Dia melanjutkan, pembuatan tersebut dilakukan secara bergantian oleh guru dipandu dengan petugas laboratorium sekolah.
Apa yang dilakukan SMAN 6 Kota Malang ini juga untuk membantu pemerintah dalam memutus rantai penyebaran virus COVID -19, khususnya di Kota Malang. "Sebenarnya sebagai usaha pencegahan dan memutuskan rantai berkembangnya virus tersebut, khususnya di lingkungan SMAN 6," katanya.
Sumbangsih SMAN 6 Malang, Bagikan Gratis Hand Sanitizer Buatan Sendiri (757293)
Sejumlah guru dan staf sekolah foto bersama Hand Sanitizer buatan mereka.
Tak hanya itu, produksi hand sanitizer di sekolah mengingatkan serta membangkitkan budaya hidup sehat para pendidik, tenaga kependidikan dan peserta didik. Selain itu, sekolah juga rutin mengadakan penyemprotan serta menambah wastafel pencuci tangan.
ADVERTISEMENT
"Kami terus menghimbau untuk selalu membersihkan tangan agar terhindar dari risiko paparan VIRUS COVID-19," bebernya.

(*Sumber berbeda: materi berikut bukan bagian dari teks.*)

(* In a $\$$-bounded contract, for all $\mathcal{A}\subseteq\mathbb{A}$ (possibly infinite), all mempools $\mathcal{P}\subseteq\mathbb{X}$ and all states $s$, there exists a finite $\mathcal{A}_0\subseteq\mathcal{A}$ such that for every $\mathcal{B}$ with $\mathcal{A}_0\subseteq\mathcal{B}\subseteq\mathcal{A}$, $\mathrm{MEV}_{\mathcal{A}_0}(s,\mathcal{P})=\mathrm{MEV}_{\mathcal{B}}(s,\mathcal{P})$.
   Context: Fix a countably infinite set $\mathbb{A}$ of actors, a set $\mathbb{T}$ of token types and a set $\mathbb{X}$ of transactions. A wallet is a function $\mathbb{T}\to\mathbb{N}$; $\mathbb{W}_{\mathrm{fin}}$ is the set of finite-support wallets. A wallet state is $W:\mathbb{A}\to(\mathbb{T}\to\mathbb{N})$ satisfying the finite tokens axiom $\sum_{\tau}\sum_{a\in\mathbb{A}}W(a)(\tau)\in\mathbb{N}$. A contract consists of blockchain states $\mathbb{S}=\mathbb{C}\times\mathbb{W}$ (contract state, wallet state), a partial transition function $\mapsto:(\mathbb{S}\times\mathbb{X})\rightharpoonup\mathbb{S}$ and initial states $\mathbb{S}_0$. A transaction $x$ is valid in $s$ if $s\xmapsto{x}s'$ for some $s'$. For finite sequences, $s\xrightarrow{\varepsilon}s$, and $s\xrightarrow{\vec{Y}x}s'$ iff either $s\xrightarrow{\vec{Y}}s''\xmapsto{x}s'$, or $s\xrightarrow{\vec{Y}}s'$ and $x$ is not valid in $s'$. States are assumed reachable from $\mathbb{S}_0$. $W_{\mathcal{A}}(s)=\sum_{a\in\mathcal{A}}W(s)(a)$. A wealth function is an additive map $\$:\mathbb{W}_{\mathrm{fin}}\to\mathbb{N}$; $\$_{\mathcal{A}}(s)=\$(W_{\mathcal{A}}(s))$; the gain is $G_{\mathcal{A}}(s,\vec{X})=\$_{\mathcal{A}}(s')-\$_{\mathcal{A}}(s)$ where $s\xrightarrow{\vec X}s'$. The contract is $\$$-bounded if for every $s_0\in\mathbb{S}_0$ there is $n$ such that $\$_{\mathbb{A}}(s)<n$ for all $s$ reachable from $s_0$. A transaction deducibility function $\kappa:\mathcal{P}(\mathbb{A})\times\mathcal{P}(\mathbb{X})\to\mathcal{P}(\mathbb{X})$, $(\mathcal{A},\mathcal{X})\mapsto\kappa_{\mathcal{A}}(\mathcal{X})$, satisfies: extensivity $\mathcal{X}\subseteq\kappa_{\mathcal{A}}(\mathcal{X})$; idempotence $\kappa_{\mathcal{A}}(\kappa_{\mathcal{A}}(\mathcal{X}))=\kappa_{\mathcal{A}}(\mathcal{X})$; monotonicity in both arguments; continuity $\kappa_{\mathcal{A}}(\bigcup_i\mathcal{X}_i)=\bigcup_i\kappa_{\mathcal{A}}(\mathcal{X}_i)$ for increasing chains; finite causes (every finite $\mathcal{X}_0$ is contained in $\kappa_{\mathcal{A}_0}(\emptyset)$ for some finite $\mathcal{A}_0$); private knowledge ($\kappa_{\mathcal{A}}(\emptyset)\subseteq\kappa_{\mathcal{A}'}(\emptyset)$ implies $\mathcal{A}\subseteq\mathcal{A}'$); no shared secrets ($\kappa_{\mathcal{A}}(\mathcal{X})\cap\kappa_{\mathcal{B}}(\mathcal{X})\subseteq\kappa_{\mathcal{A}\cap\mathcal{B}}(\mathcal{X})$). $\mathcal{X}^*$ denotes finite sequences over $\mathcal{X}$. The unrealized gain is $\mathrm{uG}_{\mathcal{A}}(s)=\max\{G_{\mathcal{A}}(s,\vec{Y}):\vec{Y}\in\kappa_{\mathcal{A}}(\emptyset)^*\}$; the external gain is $\mathrm{xG}_{\mathcal{A}}(s,\vec{Y})=G_{\mathcal{A}}(s,\vec{Y})-\mathrm{uG}_{\mathcal{A}}(s)$; $\mathrm{MEV}_{\mathcal{A}}(s,\mathcal{P})=\max\{\mathrm{xG}_{\mathcal{A}}(s,\vec{Y}):\vec{Y}\in\kappa_{\mathcal{A}}(\mathcal{P})^*\}$. *)

theory Defs
  imports Main "HOL-Library.Countable_Set"
begin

Sumbangsih SMAN 6 Malang, Bagikan Gratis Hand Sanitizer Buatan Sendiri (757294)
Kepala Sekolah SMAN 6 Kota Malang Hari Wahjono, S.pd, M.Pd memastikan fasilitas di sekolah yang menunjang kesehatan bisa digunakan secara maksimal.
Selain itu pembuatan disinfektan juga digunakan untuk mencegah terjadinya pencemaran jasad renik. Menghilangkan dan membunuh segala hal terkait mikroorganisme virus ataupun bakteri pada permukaan benda mati.
"Ya, selain itu sekolah juga telah menerapkan social distancing, dan menjalankan sesuai dengan protokol kesehatan," jelasnya.
Sumbangsih SMAN 6 Malang, Bagikan Gratis Hand Sanitizer Buatan Sendiri (757295)
Petugas menyemprotkan disinfektan di area SMAN 6 Kota Malang.
Dalam memproduksi berbagai macam komponen kesehatan tersebut, pihak sekolah tidak berencana untuk dijual secara komersil. Namun, hanya dibagikan di lingkungan sekolah, instansi pemerintahan dan masyarakat yang membutuhkan.
"Ini semua kami gunakan sendiri yang paling utama warga SMAN 6. Program selanjutnya untuk disumbangkan ke kantor cabang dinas pendidikan wilayah Kota Malang dan Kota Batu. Selanjutnya kita distribusikan ke masyarakat yang membutuhkan," imbuhnya.
ADVERTISEMENT
Sumbangsih SMAN 6 Malang, Bagikan Gratis Hand Sanitizer Buatan Sendiri (757296)
Petugas menyemprotkan disinfektan di area SMAN 6 Kota Malang.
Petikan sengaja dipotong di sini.